text \<open>Reversal maps words not ending with \<open>a\<close> onto words not starting with \<open>a\<close>; these are
  empty, unbordered, or unbordered followed by a run of \<open>a\<close>.\<close>
lemma L_minus_P_eq:
  assumes a: "a \<in> {1..k}"
  shows "L - P a = 1 + (1 + short_runs m (x a)) * M a"
proof -
  let ?E = "append_run a ` ({1..<m} \<times> unbordered m k a)"
  have "(w has_sum (L - P a)) (not_starting_with m k a)"
    using has_sum_not_ending_with has_sum_reindex_bij_betw[OF bij_betw_rev_not_ending_with, of w]
    by simp
  have E: "(w has_sum ((\<Sum>r\<in>{1..<m}. x a ^ r) * M a)) ?E"
  proof (rule has_sum_image_Times)
    have "unbordered m k a \<subseteq> not_ending_with m k a"
      by (auto simp: unbordered_def not_ending_with_def)
    then show "inj_on (append_run a) ({1..<m} \<times> unbordered m k a)"
      by (intro inj_on_subset[OF inj_on_append_run]) blast
    have "?E \<subseteq> ending_with m k a"
      unfolding ending_with_eq_image[OF a] using \<open>unbordered m k a \<subseteq> _\<close> by blast
    then show "w summable_on ?E"
      by (rule summable_on_avoiders[OF order_trans]) (auto simp: ending_with_def)
    show "w (append_run a (r, V)) = x a ^ r * w V" for r V
      by (simp add: append_run_def mult.commute)
  qed (simp_all add: has_sum_M)
  have "(w has_sum (M a + (\<Sum>r\<in>{1..<m}. x a ^ r) * M a)) (unbordered m k a \<union> ?E)"
    by (rule has_sum_Un_disjoint[OF has_sum_M E]) (auto simp: unbordered_def append_run_def)
  then have "(w has_sum (w [] + (M a + (\<Sum>r\<in>{1..<m}. x a ^ r) * M a)))
      (insert [] (unbordered m k a \<union> ?E))"
    by (rule has_sum_insert[rotated]) (auto simp: unbordered_def append_run_def)
  then have "(w has_sum (1 + (1 + short_runs m (x a)) * M a)) (not_starting_with m k a)"
    unfolding not_starting_with_eq[OF m_pos a] by (simp add: short_runs_def algebra_simps)
  with \<open>(w has_sum (L - P a)) (not_starting_with m k a)\<close> show ?thesis
    by (rule has_sum_unique)
qed

text \<open>A cyclic avoider starting with \<open>a\<close> is a constant word \<open>a\<^sup>l\<close>, or \<open>a\<^sup>p V a\<^sup>s\<^sup>-\<^sup>p\<close> with
  \<open>V\<close> unbordered, which contributes \<open>x a ^ s\<close> times the weight of \<open>V\<close> for each of \<open>s\<close> values of \<open>p\<close>.\<close>
lemma has_sum_cyc_avoiders_starting:
  assumes a: "a \<in> {1..k}"
  shows "(w has_sum (short_runs m (x a) + short_runs_weighted m (x a) * M a))
           {W \<in> cyc_avoiders m k. hd W = a}"
proof -
  let ?C = "(\<lambda>l. replicate l a) ` {1..<m}" and ?E = "wrap_run a ` (run_splits m \<times> unbordered m k a)"
  have C: "(w has_sum short_runs m (x a)) ?C"
    by (rule has_sum_finiteI) (simp_all add: sum.reindex inj_on_def short_runs_def)
  have "(\<Sum>sp\<in>run_splits m. x a ^ fst sp) = (\<Sum>s\<in>{1..<m}. \<Sum>p\<in>{1..s}. x a ^ s)"
    unfolding run_splits_def by (subst sum.Sigma) (simp_all add: split_def)
  also have "\<dots> = short_runs_weighted m (x a)"
    unfolding short_runs_weighted_def by (rule sum.cong) simp_all
  finally have weighted: "(\<Sum>sp\<in>run_splits m. x a ^ fst sp) = short_runs_weighted m (x a)" .
  have E: "(w has_sum ((\<Sum>sp\<in>run_splits m. x a ^ fst sp) * M a)) ?E"
  proof (rule has_sum_image_Times[OF inj_on_wrap_run])
    show "w summable_on ?E"
      by (rule summable_on_cyc_avoiders) (use cyc_avoiders_starting_eq[OF a] in blast)
    show "w (wrap_run a (sp, V)) = x a ^ fst sp * w V" if "sp \<in> run_splits m" for sp V
      using that by (auto simp: run_splits_def wrap_run_def power_add[symmetric])
  qed (simp_all add: run_splits_def has_sum_M)
  have "?C \<inter> ?E = {}"
  proof -
    have "hd V \<in> set (wrap_run a u)" "hd V \<noteq> a"
      if "u \<in> run_splits m \<times> unbordered m k a" "V = snd u" for u V
      using that by (auto simp: wrap_run_def unbordered_def split_def)
    then have "\<not> set W \<subseteq> {a}" if "W \<in> ?E" for W using that by fastforce
    moreover have "set W \<subseteq> {a}" if "W \<in> ?C" for W using that by auto
    ultimately show ?thesis by blast
  qed
  from has_sum_Un_disjoint[OF C E this] show ?thesis
    by (simp add: cyc_avoiders_starting_eq[OF a] weighted)
qed

lemma has_sum_cyc_avoiders:
  "(w has_sum (\<Sum>a\<in>{1..k}. short_runs m (x a) + short_runs_weighted m (x a) * M a))
     (cyc_avoiders m k)"
proof -
  have "(w has_sum (\<Sum>a\<in>{1..k}. short_runs m (x a) + short_runs_weighted m (x a) * M a))
      (\<Union>a\<in>{1..k}. {W \<in> cyc_avoiders m k. hd W = a})"
    by (rule sum_has_sum[OF _ has_sum_cyc_avoiders_starting]) auto
  then show ?thesis unfolding cyc_avoiders_eq_Un_starting[symmetric] .
qed

lemma norm_x_less_1: "a \<in> {1..k} \<Longrightarrow> norm (x a) < 1"
  using member_le_sum[of a "{1..k}" "\<lambda>i. norm (x i)"] norm_sum_less_1 by simp

lemma x_neq_1: "a \<in> {1..k} \<Longrightarrow> x a \<noteq> 1"
  using norm_x_less_1 by force

lemma x_power_neq_1:
  assumes "a \<in> {1..k}" shows "x a ^ m \<noteq> 1"
proof
  assume "x a ^ m = 1"
  then have "norm (x a) ^ m = 1" by (metis norm_one norm_power)
  moreover have "norm (x a) ^ m < 1"
    using norm_x_less_1[OF assms] m_pos by (simp add: power_less_one_iff)
  ultimately show False by simp
qed

definition D :: complex where
  "D = 1 - (\<Sum>a\<in>{1..k}. short_runs m (x a) / (1 + short_runs m (x a)))"

lemma short_runs_plus_1_nonzero: "a \<in> {1..k} \<Longrightarrow> 1 + short_runs m (x a) \<noteq> 0"
  using short_runs_ratio(1)[OF m_pos x_neq_1] x_neq_1 x_power_neq_1 by simp

lemma D_nonzero: "D \<noteq> 0"
  unfolding D_def using L_eq P_eq L_minus_P_eq short_runs_plus_1_nonzero
  by (rule avoider_system_solution(1))

lemma M_closed:
  "a \<in> {1..k} \<Longrightarrow> M a = 1 / ((1 + short_runs m (x a))^2 * D) - 1 / (1 + short_runs m (x a))"
  unfolding D_def using L_eq P_eq L_minus_P_eq short_runs_plus_1_nonzero
  by (rule avoider_system_solution(2))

> Directions
Your answer must be the records themselves, output again exactly.

> Reply
text \<open>Reversal maps words not ending with \<open>a\<close> onto words not starting with \<open>a\<close>; these are
  empty, unbordered, or unbordered followed by a run of \<open>a\<close>.\<close>
lemma L_minus_P_eq:
  assumes a: "a \<in> {1..k}"
  shows "L - P a = 1 + (1 + short_runs m (x a)) * M a"
proof -
  let ?E = "append_run a ` ({1..<m} \<times> unbordered m k a)"
  have "(w has_sum (L - P a)) (not_starting_with m k a)"
    using has_sum_not_ending_with has_sum_reindex_bij_betw[OF bij_betw_rev_not_ending_with, of w]
    by simp
  have E: "(w has_sum ((\<Sum>r\<in>{1..<m}. x a ^ r) * M a)) ?E"
  proof (rule has_sum_image_Times)
    have "unbordered m k a \<subseteq> not_ending_with m k a"
      by (auto simp: unbordered_def not_ending_with_def)
    then show "inj_on (append_run a) ({1..<m} \<times> unbordered m k a)"
      by (intro inj_on_subset[OF inj_on_append_run]) blast
    have "?E \<subseteq> ending_with m k a"
      unfolding ending_with_eq_image[OF a] using \<open>unbordered m k a \<subseteq> _\<close> by blast
    then show "w summable_on ?E"
      by (rule summable_on_avoiders[OF order_trans]) (auto simp: ending_with_def)
    show "w (append_run a (r, V)) = x a ^ r * w V" for r V
      by (simp add: append_run_def mult.commute)
  qed (simp_all add: has_sum_M)
  have "(w has_sum (M a + (\<Sum>r\<in>{1..<m}. x a ^ r) * M a)) (unbordered m k a \<union> ?E)"
    by (rule has_sum_Un_disjoint[OF has_sum_M E]) (auto simp: unbordered_def append_run_def)
  then have "(w has_sum (w [] + (M a + (\<Sum>r\<in>{1..<m}. x a ^ r) * M a)))
      (insert [] (unbordered m k a \<union> ?E))"
    by (rule has_sum_insert[rotated]) (auto simp: unbordered_def append_run_def)
  then have "(w has_sum (1 + (1 + short_runs m (x a)) * M a)) (not_starting_with m k a)"
    unfolding not_starting_with_eq[OF m_pos a] by (simp add: short_runs_def algebra_simps)
  with \<open>(w has_sum (L - P a)) (not_starting_with m k a)\<close> show ?thesis
    by (rule has_sum_unique)
qed

text \<open>A cyclic avoider starting with \<open>a\<close> is a constant word \<open>a\<^sup>l\<close>, or \<open>a\<^sup>p V a\<^sup>s\<^sup>-\<^sup>p\<close> with
  \<open>V\<close> unbordered, which contributes \<open>x a ^ s\<close> times the weight of \<open>V\<close> for each of \<open>s\<close> values of \<open>p\<close>.\<close>
lemma has_sum_cyc_avoiders_starting:
  assumes a: "a \<in> {1..k}"
  shows "(w has_sum (short_runs m (x a) + short_runs_weighted m (x a) * M a))
           {W \<in> cyc_avoiders m k. hd W = a}"
proof -
  let ?C = "(\<lambda>l. replicate l a) ` {1..<m}" and ?E = "wrap_run a ` (run_splits m \<times> unbordered m k a)"
  have C: "(w has_sum short_runs m (x a)) ?C"
    by (rule has_sum_finiteI) (simp_all add: sum.reindex inj_on_def short_runs_def)
  have "(\<Sum>sp\<in>run_splits m. x a ^ fst sp) = (\<Sum>s\<in>{1..<m}. \<Sum>p\<in>{1..s}. x a ^ s)"
    unfolding run_splits_def by (subst sum.Sigma) (simp_all add: split_def)
  also have "\<dots> = short_runs_weighted m (x a)"
    unfolding short_runs_weighted_def by (rule sum.cong) simp_all
  finally have weighted: "(\<Sum>sp\<in>run_splits m. x a ^ fst sp) = short_runs_weighted m (x a)" .
  have E: "(w has_sum ((\<Sum>sp\<in>run_splits m. x a ^ fst sp) * M a)) ?E"
  proof (rule has_sum_image_Times[OF inj_on_wrap_run])
    show "w summable_on ?E"
      by (rule summable_on_cyc_avoiders) (use cyc_avoiders_starting_eq[OF a] in blast)
    show "w (wrap_run a (sp, V)) = x a ^ fst sp * w V" if "sp \<in> run_splits m" for sp V
      using that by (auto simp: run_splits_def wrap_run_def power_add[symmetric])
  qed (simp_all add: run_splits_def has_sum_M)
  have "?C \<inter> ?E = {}"
  proof -
    have "hd V \<in> set (wrap_run a u)" "hd V \<noteq> a"
      if "u \<in> run_splits m \<times> unbordered m k a" "V = snd u" for u V
      using that by (auto simp: wrap_run_def unbordered_def split_def)
    then have "\<not> set W \<subseteq> {a}" if "W \<in> ?E" for W using that by fastforce
    moreover have "set W \<subseteq> {a}" if "W \<in> ?C" for W using that by auto
    ultimately show ?thesis by blast
  qed
  from has_sum_Un_disjoint[OF C E this] show ?thesis
    by (simp add: cyc_avoiders_starting_eq[OF a] weighted)
qed

lemma has_sum_cyc_avoiders:
  "(w has_sum (\<Sum>a\<in>{1..k}. short_runs m (x a) + short_runs_weighted m (x a) * M a))
     (cyc_avoiders m k)"
proof -
  have "(w has_sum (\<Sum>a\<in>{1..k}. short_runs m (x a) + short_runs_weighted m (x a) * M a))
      (\<Union>a\<in>{1..k}. {W \<in> cyc_avoiders m k. hd W = a})"
    by (rule sum_has_sum[OF _ has_sum_cyc_avoiders_starting]) auto
  then show ?thesis unfolding cyc_avoiders_eq_Un_starting[symmetric] .
qed

lemma norm_x_less_1: "a \<in> {1..k} \<Longrightarrow> norm (x a) < 1"
  using member_le_sum[of a "{1..k}" "\<lambda>i. norm (x i)"] norm_sum_less_1 by simp

lemma x_neq_1: "a \<in> {1..k} \<Longrightarrow> x a \<noteq> 1"
  using norm_x_less_1 by force

lemma x_power_neq_1:
  assumes "a \<in> {1..k}" shows "x a ^ m \<noteq> 1"
proof
  assume "x a ^ m = 1"
  then have "norm (x a) ^ m = 1" by (metis norm_one norm_power)
  moreover have "norm (x a) ^ m < 1"
    using norm_x_less_1[OF assms] m_pos by (simp add: power_less_one_iff)
  ultimately show False by simp
qed

definition D :: complex where
  "D = 1 - (\<Sum>a\<in>{1..k}. short_runs m (x a) / (1 + short_runs m (x a)))"

lemma short_runs_plus_1_nonzero: "a \<in> {1..k} \<Longrightarrow> 1 + short_runs m (x a) \<noteq> 0"
  using short_runs_ratio(1)[OF m_pos x_neq_1] x_neq_1 x_power_neq_1 by simp

lemma D_nonzero: "D \<noteq> 0"
  unfolding D_def using L_eq P_eq L_minus_P_eq short_runs_plus_1_nonzero
  by (rule avoider_system_solution(1))

lemma M_closed:
  "a \<in> {1..k} \<Longrightarrow> M a = 1 / ((1 + short_runs m (x a))^2 * D) - 1 / (1 + short_runs m (x a))"
  unfolding D_def using L_eq P_eq L_minus_P_eq short_runs_plus_1_nonzero
  by (rule avoider_system_solution(2))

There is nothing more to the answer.